Using the GAN models in iOS

If you try to use the TensorFlow pod in your iOS app and load the gan_mnist.pb file, you'll get an error:

Could not create TensorFlow Graph: Invalid argument: No OpKernel was registered to support Op 'RandomStandardNormal' with these attrs. Registered devices: [CPU], Registered kernels:
<no registered kernels>
[[Node: z_1/RandomStandardNormal = RandomStandardNormal[T=DT_INT32, _output_shapes=[[50,100]], dtype=DT_FLOAT, seed=0, seed2=0](z_1/shape)]]

Make sure your tensorflow/contrib/makefile/tf_op_files.txt file has tensorflow/core/kernels/random_op.cc, which implements the RandomStandardNormal operation, and the libtensorflow-core.a is built with tensorflow/contrib/makefile/build_all_ios.sh after the line is added to tf_op_files.txt.

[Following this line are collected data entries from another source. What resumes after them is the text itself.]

lemma ideal_point_null_vector:
  assumes "geodesic_ray \<xi>"
  obtains u where "lor u u = 0" "u \<noteq> 0" "\<And>v. has_ideal_point (hplane v) \<xi> \<Longrightarrow> lor u v = 0"
proof -
  obtain u r where r: "strict_mono r" and lim: "(rescaled_ray \<xi> \<circ> r) \<longlonglongrightarrow> u"
    using bounded_imp_convergent_subsequence[OF bounded_rescaled_ray[OF assms]] by blast
  show ?thesis
    using that rescaled_ray_limit_null[OF assms r lim] ideal_point_orthogonal[OF assms _ r lim]
    by fastforce
qed

section \<open>Groups\<close>

lemma carrier_BijGroup: "carrier (BijGroup S) = Bij S"
  by (simp add: BijGroup_def)

lemma BijGroup_mult_eq: "f \<in> Bij S \<Longrightarrow> g \<in> Bij S \<Longrightarrow> f \<otimes>\<^bsub>BijGroup S\<^esub> g = (\<lambda>x\<in>S. f (g x))"
  by (simp add: BijGroup_def compose_def)

lemma discrete_real_subgroup_least_positive:
  fixes L :: "real set"
  assumes diff: "\<And>a b. a \<in> L \<Longrightarrow> b \<in> L \<Longrightarrow> a - b \<in> L"
    and x: "x \<in> L" "x \<noteq> 0" and gap: "\<delta> > 0" "\<And>a. a \<in> L \<Longrightarrow> a \<noteq> 0 \<Longrightarrow> \<delta> \<le> \<bar>a\<bar>"
  obtains d where "d \<in> L" "d > 0" "\<And>a. a \<in> L \<Longrightarrow> 0 < a \<Longrightarrow> d \<le> a"
proof -
  define S where "S = {a \<in> L. a > 0}"
  have "x - x \<in> L"
    using diff[OF x(1) x(1)] .
  then have "\<bar>x\<bar> \<in> S"
    using x diff[of 0 x] by (cases "x \<ge> 0") (auto simp: S_def)
  then have S_ne: "S \<noteq> {}"
    by auto
  have "\<delta> \<le> a" if "a \<in> S" for a
    using gap(2) that by (fastforce simp: S_def)
  then have bdd: "bdd_below S"
    by (auto simp: bdd_below_def)
  define d where "d = Inf S"
  have d_le: "d \<le> a" if "a \<in> S" for a
    unfolding d_def using bdd that by (rule cInf_lower[rotated])
  text \<open>The infimum is attained: two elements of S closer than \<delta> would have a difference in L
    that is too small.\<close>
  have "d \<in> S"
  proof (rule ccontr)
    assume "d \<notin> S"
    obtain a1 where a1: "a1 \<in> S" "a1 < d + \<delta>"
      using cInf_less_iff[OF S_ne bdd, of "d + \<delta>"] gap(1) by (auto simp: d_def)
    moreover have "d \<noteq> a1"
      using a1(1) \<open>d \<notin> S\<close> by blast
    ultimately have "d < a1"
      using d_le[OF a1(1)] by linarith
    then obtain a2 where a2: "a2 \<in> S" "a2 < a1"
      using cInf_less_iff[OF S_ne bdd] by (auto simp: d_def)
    have "a1 - a2 \<in> L" "a1 - a2 \<noteq> 0" "\<bar>a1 - a2\<bar> < \<delta>"
      using a1 a2 d_le[OF a2(1)] diff by (auto simp: S_def)
    then show False
      using gap(2) by fastforce
  qed
  then show ?thesis
    using that d_le by (auto simp: S_def)
qed

lemma real_subgroup_eq_multiples:
  fixes L :: "real set"
  assumes diff: "\<And>a b. a \<in> L \<Longrightarrow> b \<in> L \<Longrightarrow> a - b \<in> L"
    and d: "d \<in> L" "d > 0" and least: "\<And>a. a \<in> L \<Longrightarrow> 0 < a \<Longrightarrow> d \<le> a"
  shows "L = range (\<lambda>n::int. of_int n * d)"
proof -
  have zero: "0 \<in> L"
    using diff[OF d(1) d(1)] by simp
  have uminus: "- a \<in> L" if "a \<in> L" for a
    using diff[OF zero that] by simp
  have nat_multiples: "of_nat k * d \<in> L" for k :: nat
  proof (induction k)
    case (Suc k)
    then show ?case
      using diff[OF Suc uminus[OF d(1)]] by (simp add: algebra_simps)
  qed (simp add: zero)
  have multiples: "of_int n * d \<in> L" for n :: int
  proof (cases "n \<ge> 0")
    case True
    then show ?thesis
      using nat_multiples[of "nat n"] by simp
  next
    case False
    then show ?thesis
      using uminus[OF nat_multiples[of "nat (- n)"]] by simp
  qed
  have "a \<in> range (\<lambda>n::int. of_int n * d)" if a: "a \<in> L" for a
  proof -
    define n where "n = \<lfloor>a / d\<rfloor>"
    have "a - of_int n * d \<in> L"
      using diff[OF a multiples] .
    moreover have "0 \<le> a - of_int n * d" "a - of_int n * d < d"
      using d(2) floor_divide_lower[OF d(2), of a] floor_divide_upper[OF d(2), of a]
      by (simp_all add: n_def algebra_simps)
    ultimately have "a = of_int n * d"
      using least[of "a - of_int n * d"] by fastforce
    then show ?thesis
      by blast
  qed
  then show ?thesis
    using multiples by auto
qed

lemma group_DInf: "group DInf"
proof (rule groupI)
  fix x assume "x \<in> carrier DInf"
  then show "\<exists>y\<in>carrier DInf. y \<otimes>\<^bsub>DInf\<^esub> x = \<one>\<^bsub>DInf\<^esub>"
    by (intro bexI[of _ "(fst x, - fst x * snd x)"]) (auto simp: DInf_def)
qed (auto simp: DInf_def algebra_simps)

section \<open>Hyperplanes through a common ideal point\<close>

locale parabolic_frame =
  fixes w u :: "'a::euclidean_space \<times> real"
  assumes lor_w_w: "lor w w = 1" and lor_u_u: "lor u u = 0" and lor_w_u: "lor w u = 0"
    and u_nonzero: "u \<noteq> 0"
begin

lemma lor_u_w: "lor u w = 0"
  using lor_w_u by (simp add: lor_commute)

lemmas lor_frame [simp] = lor_w_w lor_u_u lor_w_u lor_u_w

lemma parallel_hplane_normal_form:
  assumes vv: "lor v v > 0" and vu: "lor v u = 0" and disj: "hplane v \<inter> hplane w = {}"
  obtains l c where "l \<noteq> 0" "v = l *\<^sub>R (w + c *\<^sub>R u)"
proof -
  define s where "s = sqrt (lor v v)"
  have s: "s > 0" "s * s = lor v v"
    using vv by (simp_all add: s_def)
  define x where "x = (1 / s) *\<^sub>R v"
  have v: "v = s *\<^sub>R x"
    using s(1) by (simp add: x_def)
  have xx: "lor x x = 1" and xu: "lor x u = 0"
    using s vv vu by (simp_all add: x_def)
  define a where "a = lor x w"
  have "0 \<le> lor (x - w) (x - w)" "0 \<le> lor (x + w) (x + w)"
    by (rule lor_self_nonneg_if_orthogonal_null[OF lor_u_u u_nonzero], simp add: xu)+
  then have "\<bar>a\<bar> \<le> 1"
    using xx lor_w_w by (simp add: a_def lor_commute[of w x])
  moreover have "\<not> \<bar>a\<bar> < 1"
    using hplane_inter_nonempty[OF xx lor_w_w] disj s(1) by (auto simp: a_def v hplane_scaleR)
  ultimately have aa: "a * a = 1"
    by (cases "a \<ge> 0") (auto simp: abs_if)
  have "lor (x - a *\<^sub>R w) (x - a *\<^sub>R w) = 0"
    using xx lor_w_w aa by (simp add: a_def lor_commute[of w x] algebra_simps)
  moreover have "lor (x - a *\<^sub>R w) u = 0"
    using xu lor_w_u by simp
  ultimately obtain \<mu> where "x - a *\<^sub>R w = \<mu> *\<^sub>R u"
    using null_orthogonal_null_parallel[OF lor_u_u u_nonzero] by blast
  then have "v = (s * a) *\<^sub>R (w + (a * \<mu>) *\<^sub>R u)"
    using aa by (simp add: v eq_diff_eq scaleR_add_right algebra_simps)
  moreover have "s * a \<noteq> 0"
    using s aa by auto
  ultimately show ?thesis
    using that by blast
qed

text \<open>R c is the reflection in a hyperplane through the ideal point of u, and T m is the parabolic
  translation R (m / 2) \<circ> R 0 fixing that ideal point, written out explicitly.\<close>
definition R :: "real \<Rightarrow> ('a \<times> real) \<Rightarrow> ('a \<times> real)" where
  "R c = hrefl (w + c *\<^sub>R u)"

definition T :: "real \<Rightarrow> ('a \<times> real) \<Rightarrow> ('a \<times> real)" where
  "T m = (\<lambda>p\<in>hyp. p + (- m * lor p u) *\<^sub>R w + (m * lor p w - m\<^sup>2 / 2 * lor p u) *\<^sub>R u)"

lemma parallel_reflection:
  assumes "lor v v > 0" "lor v u = 0" "hplane v \<inter> hplane w = {}"
  obtains c where "hrefl v = R c" "hplane v = hplane (w + c *\<^sub>R u)"
proof -
  obtain l c where "l \<noteq> 0" "v = l *\<^sub>R (w + c *\<^sub>R u)"
    using parallel_hplane_normal_form[OF assms] .
  then show ?thesis
    using that by (simp add: R_def hrefl_scaleR hplane_scaleR)
qed

lemma R_in_Bij: "R c \<in> Bij hyp"
  unfolding R_def by (rule hrefl_in_Bij) simp

lemma R_in_hyp: "p \<in> hyp \<Longrightarrow> R c p \<in> hyp"
  unfolding R_def by (rule hrefl_in_hyp) simp_all

lemma R_R: "p \<in> hyp \<Longrightarrow> R c (R c p) = p"
  unfolding R_def by (rule hrefl_hrefl) simp_all

lemma R_apply:
  "p \<in> hyp \<Longrightarrow> R c p = p + (-2 * (lor p w + c * lor p u)) *\<^sub>R w + (c * (-2 * (lor p w + c * lor p u))) *\<^sub>R u"
  unfolding R_def by (simp add: hrefl_apply algebra_simps)

lemma T_apply: "p \<in> hyp \<Longrightarrow> T m p = p + (- m * lor p u) *\<^sub>R w + (m * lor p w - m\<^sup>2 / 2 * lor p u) *\<^sub>R u"
  by (simp add: T_def)

lemma R_R_eq_T: assumes "p \<in> hyp" shows "R a (R b p) = T (2 * (a - b)) p"
proof -
  define A where "A = -2 * (lor p w + b * lor p u)"
  define B where "B = -2 * (lor p w + A + a * lor p u)"
  have Rb: "R b p = p + A *\<^sub>R w + (b * A) *\<^sub>R u"
    using R_apply[OF assms] by (simp add: A_def)
  have "lor (p + A *\<^sub>R w + (b * A) *\<^sub>R u) w = lor p w + A"
    and "lor (p + A *\<^sub>R w + (b * A) *\<^sub>R u) u = lor p u"
    by simp_all
  then have "R a (R b p) = (p + A *\<^sub>R w + (b * A) *\<^sub>R u) + B *\<^sub>R w + (a * B) *\<^sub>R u"
    using R_apply[OF R_in_hyp[OF assms, of b], of a] unfolding Rb B_def by simp
  also have "\<dots> = p + (A + B) *\<^sub>R w + (b * A + a * B) *\<^sub>R u"
    by (simp add: algebra_simps)
  moreover have "A + B = - (2 * (a - b)) * lor p u"
    and "b * A + a * B = 2 * (a - b) * lor p w - (2 * (a - b))\<^sup>2 / 2 * lor p u"
    by (simp_all add: A_def B_def power2_eq_square field_simps)
  ultimately show ?thesis
    by (simp only: T_apply[OF assms])
qed

lemma T_in_hyp: assumes "p \<in> hyp" shows "T m p \<in> hyp"
proof -
  have "T m p = R (m / 2) (R 0 p)"
    using R_R_eq_T[OF assms, of "m / 2" 0] by simp
  then show ?thesis
    using R_in_hyp[OF R_in_hyp[OF assms]] by simp
qed

lemma T_R: assumes "p \<in> hyp" shows "T m (R c p) = R (c + m / 2) p"
  using R_R_eq_T[OF R_in_hyp[OF assms, of c], of "c + m / 2" c] R_R[OF assms] by simp

lemma R_T: assumes "p \<in> hyp" shows "R c (T m p) = R (c - m / 2) p"
  using R_R_eq_T[OF assms, of c "c - m / 2", symmetric] R_R[OF R_in_hyp[OF assms]] by simp

lemma T_T: assumes "p \<in> hyp" shows "T a (T b p) = T (a + b) p"
proof -
  have "T a (T b p) = T a (R 0 (R (- b / 2) p))"
    using R_R_eq_T[OF assms, of 0 "- b / 2"] by simp
  also have "\<dots> = R (a / 2) (R (- b / 2) p)"
    using T_R[OF R_in_hyp[OF assms]] by simp
  also have "\<dots> = T (a + b) p"
    using R_R_eq_T[OF assms] by (simp add: algebra_simps)
  finally show ?thesis .
qed

lemma cosh_hdist_T: assumes "p \<in> hyp" shows "cosh (hdist (T m p) p) = 1 + m\<^sup>2 / 2 * (lor p u)\<^sup>2"
proof -
  have "lor (T m p) p = -1 - m\<^sup>2 / 2 * (lor p u)\<^sup>2"
    using assms
    by (simp add: T_apply hyp_def lor_commute[of w p] lor_commute[of u p] algebra_simps power2_eq_square)
  then show ?thesis
    using cosh_hdist[OF T_in_hyp[OF assms] assms] by simp
qed

lemma T_fixpoint: assumes "p \<in> hyp" "T m p = p" shows "m = 0"
proof -
  have "cosh (hdist (T m p) p) = 1"
    using assms cosh_hdist[of p p] by (simp add: hyp_def)
  then show ?thesis
    using cosh_hdist_T[OF assms(1)] hyp_lor_null_nonzero[OF lor_u_u u_nonzero assms(1)] by simp
qed

lemma T_zero: "p \<in> hyp \<Longrightarrow> T 0 p = p"
  by (simp add: T_apply)

lemma T_extensional: "T m \<in> extensional hyp"
  by (simp add: T_def)

lemma R_extensional: "R c \<in> extensional hyp"
  by (simp add: R_def hrefl_def)

lemma R_mult_R: "R a \<otimes>\<^bsub>BijGroup hyp\<^esub> R b = T (2 * (a - b))"
  unfolding BijGroup_mult_eq[OF R_in_Bij R_in_Bij]
  by (rule extensionalityI[OF restrict_extensional T_extensional]) (simp add: R_R_eq_T)

lemma T_in_Bij: "T m \<in> Bij hyp"
proof -
  have "R (m / 2) \<otimes>\<^bsub>BijGroup hyp\<^esub> R 0 \<in> carrier (BijGroup hyp)"
    by (rule monoid.m_closed[OF group.is_monoid[OF group_BijGroup]])
      (simp_all add: carrier_BijGroup R_in_Bij)
  then show ?thesis
    by (simp add: R_mult_R carrier_BijGroup)
qed

lemma T_mult_T: "T a \<otimes>\<^bsub>BijGroup hyp\<^esub> T b = T (a + b)"
  unfolding BijGroup_mult_eq[OF T_in_Bij T_in_Bij]
  by (rule extensionalityI[OF restrict_extensional T_extensional]) (simp add: T_T)

lemma T_mult_R: "T m \<otimes>\<^bsub>BijGroup hyp\<^esub> R c = R (c + m / 2)"
  unfolding BijGroup_mult_eq[OF T_in_Bij R_in_Bij]
  by (rule extensionalityI[OF restrict_extensional R_extensional]) (simp add: T_R)

lemma R_mult_T: "R c \<otimes>\<^bsub>BijGroup hyp\<^esub> T m = R (c - m / 2)"
  unfolding BijGroup_mult_eq[OF R_in_Bij T_in_Bij]
  by (rule extensionalityI[OF restrict_extensional R_extensional]) (simp add: R_T)

lemma one_BijGroup_eq_T: "\<one>\<^bsub>BijGroup hyp\<^esub> = T 0"
  by (rule extensionalityI[OF _ T_extensional]) (simp_all add: BijGroup_def T_zero)

lemma inv_R: "inv\<^bsub>BijGroup hyp\<^esub> (R c) = R c"
  by (rule group.inv_equality[OF group_BijGroup])
    (simp_all add: R_mult_R one_BijGroup_eq_T carrier_BijGroup R_in_Bij)

lemma inv_T: "inv\<^bsub>BijGroup hyp\<^esub> (T m) = T (- m)"
  by (rule group.inv_equality[OF group_BijGroup])
    (simp_all add: T_mult_T one_BijGroup_eq_T carrier_BijGroup T_in_Bij)

lemma generate_R_subset: "generate (BijGroup hyp) (R ` C) \<subseteq> range T \<union> range R"
proof
  fix f assume "f \<in> generate (BijGroup hyp) (R ` C)"
  then show "f \<in> range T \<union> range R"
    by induction (auto simp: one_BijGroup_eq_T inv_R R_mult_R T_mult_T T_mult_R R_mult_T)
qed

Furthermore, if you try to load the pix2pix_transformed_memmapped.pb even in the custom TensorFlow library built with TensorFlow 1.4, you'll get the following error:

No OpKernel was registered to support Op 'FIFOQueueV2' with these attrs. Registered devices: [CPU], Registered kernels:
<no registered kernels>
[[Node: batch/fifo_queue = FIFOQueueV2[_output_shapes=[[]], capacity=32, component_types=[DT_STRING, DT_FLOAT, DT_FLOAT], container="", shapes=[[], [256,256,1], [256,256,2]], shared_name=""]()]]

You'll need to add tensorflow/core/kernels/fifo_queue_op.cc to the tf_op_files.txt and rebuild the iOS library. But if you use TensorFlow 1.5 or 1.6, the tensorflow/core/kernels/fifo_queue_op.cc file has already been added to the tf_op_files.txt file. With each new version of TensorFlow, more and more kernels are added to tf_op_files.txt by default.

With the TensorFlow iOS library built for our models, let's create a new project named GAN in Xcode and set up TensorFlow in the project as we did in Chapter 8, Predicting Stock Price with RNN, and other chapters not using the TensorFlow pod. Then drag and drop the two model files gan_mnist.pb and pix2pix_transformed_memmapped.pb and one test image to the project. Also, copy the tensorflow_utils.htensorflow_utils.mmios_image_load.h and ios_image_load.mm files from the iOS project in Chapter 6Describing Images in Natural Language, to the GAN project. Rename ViewController.m to ViewController.mm.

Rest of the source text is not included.